▶ [Provided data]
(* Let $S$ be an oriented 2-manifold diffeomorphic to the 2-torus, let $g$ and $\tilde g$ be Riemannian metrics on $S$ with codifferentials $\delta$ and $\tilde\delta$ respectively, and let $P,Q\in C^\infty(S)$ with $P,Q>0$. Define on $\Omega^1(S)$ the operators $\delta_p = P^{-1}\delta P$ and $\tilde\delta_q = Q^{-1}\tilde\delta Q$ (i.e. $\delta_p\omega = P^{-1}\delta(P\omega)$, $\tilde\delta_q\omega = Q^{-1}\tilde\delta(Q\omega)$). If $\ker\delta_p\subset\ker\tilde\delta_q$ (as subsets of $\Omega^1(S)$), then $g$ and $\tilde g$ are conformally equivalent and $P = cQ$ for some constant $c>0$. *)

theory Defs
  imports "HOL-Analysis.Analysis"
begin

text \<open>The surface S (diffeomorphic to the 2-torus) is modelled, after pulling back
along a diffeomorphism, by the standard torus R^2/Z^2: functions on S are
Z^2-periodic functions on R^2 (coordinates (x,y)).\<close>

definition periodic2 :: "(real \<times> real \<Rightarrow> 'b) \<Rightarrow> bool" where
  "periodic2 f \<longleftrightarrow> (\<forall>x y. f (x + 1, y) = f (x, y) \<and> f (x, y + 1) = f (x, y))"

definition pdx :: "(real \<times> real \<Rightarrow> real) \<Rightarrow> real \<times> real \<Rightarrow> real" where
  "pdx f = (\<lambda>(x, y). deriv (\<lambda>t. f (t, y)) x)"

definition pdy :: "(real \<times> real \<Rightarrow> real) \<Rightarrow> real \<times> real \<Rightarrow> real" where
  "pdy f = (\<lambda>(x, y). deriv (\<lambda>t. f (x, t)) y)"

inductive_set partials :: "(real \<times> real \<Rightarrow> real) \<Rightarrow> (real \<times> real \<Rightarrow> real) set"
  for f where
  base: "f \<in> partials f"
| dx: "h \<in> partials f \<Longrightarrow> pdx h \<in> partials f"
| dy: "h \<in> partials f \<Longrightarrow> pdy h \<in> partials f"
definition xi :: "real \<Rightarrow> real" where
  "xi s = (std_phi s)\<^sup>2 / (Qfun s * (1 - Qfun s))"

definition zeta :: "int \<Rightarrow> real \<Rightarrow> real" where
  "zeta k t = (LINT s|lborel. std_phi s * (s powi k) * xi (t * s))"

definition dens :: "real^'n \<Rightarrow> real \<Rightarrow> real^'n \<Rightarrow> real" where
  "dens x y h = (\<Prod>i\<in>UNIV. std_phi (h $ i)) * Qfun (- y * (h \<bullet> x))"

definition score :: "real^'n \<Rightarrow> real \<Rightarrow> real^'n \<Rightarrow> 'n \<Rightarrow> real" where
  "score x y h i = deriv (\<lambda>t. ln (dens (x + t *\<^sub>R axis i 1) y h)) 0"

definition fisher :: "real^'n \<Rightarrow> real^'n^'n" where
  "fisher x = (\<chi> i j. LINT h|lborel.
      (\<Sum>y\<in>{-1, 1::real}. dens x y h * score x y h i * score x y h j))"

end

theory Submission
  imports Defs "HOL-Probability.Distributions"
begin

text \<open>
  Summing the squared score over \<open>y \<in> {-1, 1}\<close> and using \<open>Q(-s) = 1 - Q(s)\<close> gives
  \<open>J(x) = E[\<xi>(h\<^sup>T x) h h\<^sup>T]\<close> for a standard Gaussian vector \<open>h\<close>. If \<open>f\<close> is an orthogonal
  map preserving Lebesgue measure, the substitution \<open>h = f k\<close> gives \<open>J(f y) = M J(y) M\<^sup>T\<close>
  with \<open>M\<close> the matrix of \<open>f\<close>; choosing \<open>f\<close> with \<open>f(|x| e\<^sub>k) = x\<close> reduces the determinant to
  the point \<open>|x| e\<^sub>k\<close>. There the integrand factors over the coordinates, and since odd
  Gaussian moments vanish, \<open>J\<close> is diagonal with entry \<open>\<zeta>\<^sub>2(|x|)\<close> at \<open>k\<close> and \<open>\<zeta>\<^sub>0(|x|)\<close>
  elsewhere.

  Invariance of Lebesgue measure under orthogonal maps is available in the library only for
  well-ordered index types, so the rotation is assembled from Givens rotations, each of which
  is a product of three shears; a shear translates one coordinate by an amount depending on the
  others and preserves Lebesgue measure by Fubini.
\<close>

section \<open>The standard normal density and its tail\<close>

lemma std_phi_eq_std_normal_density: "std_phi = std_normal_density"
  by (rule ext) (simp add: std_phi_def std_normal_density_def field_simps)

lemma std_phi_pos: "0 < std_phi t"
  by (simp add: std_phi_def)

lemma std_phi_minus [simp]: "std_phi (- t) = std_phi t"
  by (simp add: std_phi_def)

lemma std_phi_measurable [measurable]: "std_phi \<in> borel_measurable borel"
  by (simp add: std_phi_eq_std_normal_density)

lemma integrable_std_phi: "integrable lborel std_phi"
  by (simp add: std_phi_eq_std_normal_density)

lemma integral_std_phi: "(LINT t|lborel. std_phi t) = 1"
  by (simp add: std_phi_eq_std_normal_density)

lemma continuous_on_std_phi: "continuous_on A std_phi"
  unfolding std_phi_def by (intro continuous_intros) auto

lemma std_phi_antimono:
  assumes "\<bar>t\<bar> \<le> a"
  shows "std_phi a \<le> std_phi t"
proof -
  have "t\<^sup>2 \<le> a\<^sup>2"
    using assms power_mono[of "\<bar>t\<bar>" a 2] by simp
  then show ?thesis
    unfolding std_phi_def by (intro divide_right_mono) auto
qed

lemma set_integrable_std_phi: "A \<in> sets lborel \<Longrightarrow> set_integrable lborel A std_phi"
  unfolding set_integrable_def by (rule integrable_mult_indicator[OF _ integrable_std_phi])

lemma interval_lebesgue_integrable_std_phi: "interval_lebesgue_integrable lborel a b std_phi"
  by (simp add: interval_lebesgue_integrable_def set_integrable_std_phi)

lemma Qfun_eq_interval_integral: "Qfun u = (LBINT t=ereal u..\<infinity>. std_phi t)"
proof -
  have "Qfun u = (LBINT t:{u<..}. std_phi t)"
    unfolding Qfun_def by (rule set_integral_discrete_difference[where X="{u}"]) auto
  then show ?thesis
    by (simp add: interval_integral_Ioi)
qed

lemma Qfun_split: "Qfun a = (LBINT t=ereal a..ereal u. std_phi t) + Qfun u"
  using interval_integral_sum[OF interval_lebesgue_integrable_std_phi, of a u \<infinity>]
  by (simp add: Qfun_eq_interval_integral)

▶ [Exercise objective]
Please return the full listing exactly as it appears.

▶ [Task answer]
(* Let $S$ be an oriented 2-manifold diffeomorphic to the 2-torus, let $g$ and $\tilde g$ be Riemannian metrics on $S$ with codifferentials $\delta$ and $\tilde\delta$ respectively, and let $P,Q\in C^\infty(S)$ with $P,Q>0$. Define on $\Omega^1(S)$ the operators $\delta_p = P^{-1}\delta P$ and $\tilde\delta_q = Q^{-1}\tilde\delta Q$ (i.e. $\delta_p\omega = P^{-1}\delta(P\omega)$, $\tilde\delta_q\omega = Q^{-1}\tilde\delta(Q\omega)$). If $\ker\delta_p\subset\ker\tilde\delta_q$ (as subsets of $\Omega^1(S)$), then $g$ and $\tilde g$ are conformally equivalent and $P = cQ$ for some constant $c>0$. *)

theory Defs
  imports "HOL-Analysis.Analysis"
begin

text \<open>The surface S (diffeomorphic to the 2-torus) is modelled, after pulling back
along a diffeomorphism, by the standard torus R^2/Z^2: functions on S are
Z^2-periodic functions on R^2 (coordinates (x,y)).\<close>

definition periodic2 :: "(real \<times> real \<Rightarrow> 'b) \<Rightarrow> bool" where
  "periodic2 f \<longleftrightarrow> (\<forall>x y. f (x + 1, y) = f (x, y) \<and> f (x, y + 1) = f (x, y))"

definition pdx :: "(real \<times> real \<Rightarrow> real) \<Rightarrow> real \<times> real \<Rightarrow> real" where
  "pdx f = (\<lambda>(x, y). deriv (\<lambda>t. f (t, y)) x)"

definition pdy :: "(real \<times> real \<Rightarrow> real) \<Rightarrow> real \<times> real \<Rightarrow> real" where
  "pdy f = (\<lambda>(x, y). deriv (\<lambda>t. f (x, t)) y)"

inductive_set partials :: "(real \<times> real \<Rightarrow> real) \<Rightarrow> (real \<times> real \<Rightarrow> real) set"
  for f where
  base: "f \<in> partials f"
| dx: "h \<in> partials f \<Longrightarrow> pdx h \<in> partials f"
| dy: "h \<in> partials f \<Longrightarrow> pdy h \<in> partials f"
definition xi :: "real \<Rightarrow> real" where
  "xi s = (std_phi s)\<^sup>2 / (Qfun s * (1 - Qfun s))"

definition zeta :: "int \<Rightarrow> real \<Rightarrow> real" where
  "zeta k t = (LINT s|lborel. std_phi s * (s powi k) * xi (t * s))"

definition dens :: "real^'n \<Rightarrow> real \<Rightarrow> real^'n \<Rightarrow> real" where
  "dens x y h = (\<Prod>i\<in>UNIV. std_phi (h $ i)) * Qfun (- y * (h \<bullet> x))"

definition score :: "real^'n \<Rightarrow> real \<Rightarrow> real^'n \<Rightarrow> 'n \<Rightarrow> real" where
  "score x y h i = deriv (\<lambda>t. ln (dens (x + t *\<^sub>R axis i 1) y h)) 0"

definition fisher :: "real^'n \<Rightarrow> real^'n^'n" where
  "fisher x = (\<chi> i j. LINT h|lborel.
      (\<Sum>y\<in>{-1, 1::real}. dens x y h * score x y h i * score x y h j))"

end

theory Submission
  imports Defs "HOL-Probability.Distributions"
begin

text \<open>
  Summing the squared score over \<open>y \<in> {-1, 1}\<close> and using \<open>Q(-s) = 1 - Q(s)\<close> gives
  \<open>J(x) = E[\<xi>(h\<^sup>T x) h h\<^sup>T]\<close> for a standard Gaussian vector \<open>h\<close>. If \<open>f\<close> is an orthogonal
  map preserving Lebesgue measure, the substitution \<open>h = f k\<close> gives \<open>J(f y) = M J(y) M\<^sup>T\<close>
  with \<open>M\<close> the matrix of \<open>f\<close>; choosing \<open>f\<close> with \<open>f(|x| e\<^sub>k) = x\<close> reduces the determinant to
  the point \<open>|x| e\<^sub>k\<close>. There the integrand factors over the coordinates, and since odd
  Gaussian moments vanish, \<open>J\<close> is diagonal with entry \<open>\<zeta>\<^sub>2(|x|)\<close> at \<open>k\<close> and \<open>\<zeta>\<^sub>0(|x|)\<close>
  elsewhere.

  Invariance of Lebesgue measure under orthogonal maps is available in the library only for
  well-ordered index types, so the rotation is assembled from Givens rotations, each of which
  is a product of three shears; a shear translates one coordinate by an amount depending on the
  others and preserves Lebesgue measure by Fubini.
\<close>

section \<open>The standard normal density and its tail\<close>

lemma std_phi_eq_std_normal_density: "std_phi = std_normal_density"
  by (rule ext) (simp add: std_phi_def std_normal_density_def field_simps)

lemma std_phi_pos: "0 < std_phi t"
  by (simp add: std_phi_def)

lemma std_phi_minus [simp]: "std_phi (- t) = std_phi t"
  by (simp add: std_phi_def)

lemma std_phi_measurable [measurable]: "std_phi \<in> borel_measurable borel"
  by (simp add: std_phi_eq_std_normal_density)

lemma integrable_std_phi: "integrable lborel std_phi"
  by (simp add: std_phi_eq_std_normal_density)

lemma integral_std_phi: "(LINT t|lborel. std_phi t) = 1"
  by (simp add: std_phi_eq_std_normal_density)

lemma continuous_on_std_phi: "continuous_on A std_phi"
  unfolding std_phi_def by (intro continuous_intros) auto

lemma std_phi_antimono:
  assumes "\<bar>t\<bar> \<le> a"
  shows "std_phi a \<le> std_phi t"
proof -
  have "t\<^sup>2 \<le> a\<^sup>2"
    using assms power_mono[of "\<bar>t\<bar>" a 2] by simp
  then show ?thesis
    unfolding std_phi_def by (intro divide_right_mono) auto
qed

lemma set_integrable_std_phi: "A \<in> sets lborel \<Longrightarrow> set_integrable lborel A std_phi"
  unfolding set_integrable_def by (rule integrable_mult_indicator[OF _ integrable_std_phi])

lemma interval_lebesgue_integrable_std_phi: "interval_lebesgue_integrable lborel a b std_phi"
  by (simp add: interval_lebesgue_integrable_def set_integrable_std_phi)

lemma Qfun_eq_interval_integral: "Qfun u = (LBINT t=ereal u..\<infinity>. std_phi t)"
proof -
  have "Qfun u = (LBINT t:{u<..}. std_phi t)"
    unfolding Qfun_def by (rule set_integral_discrete_difference[where X="{u}"]) auto
  then show ?thesis
    by (simp add: interval_integral_Ioi)
qed

lemma Qfun_split: "Qfun a = (LBINT t=ereal a..ereal u. std_phi t) + Qfun u"
  using interval_integral_sum[OF interval_lebesgue_integrable_std_phi, of a u \<infinity>]
  by (simp add: Qfun_eq_interval_integral)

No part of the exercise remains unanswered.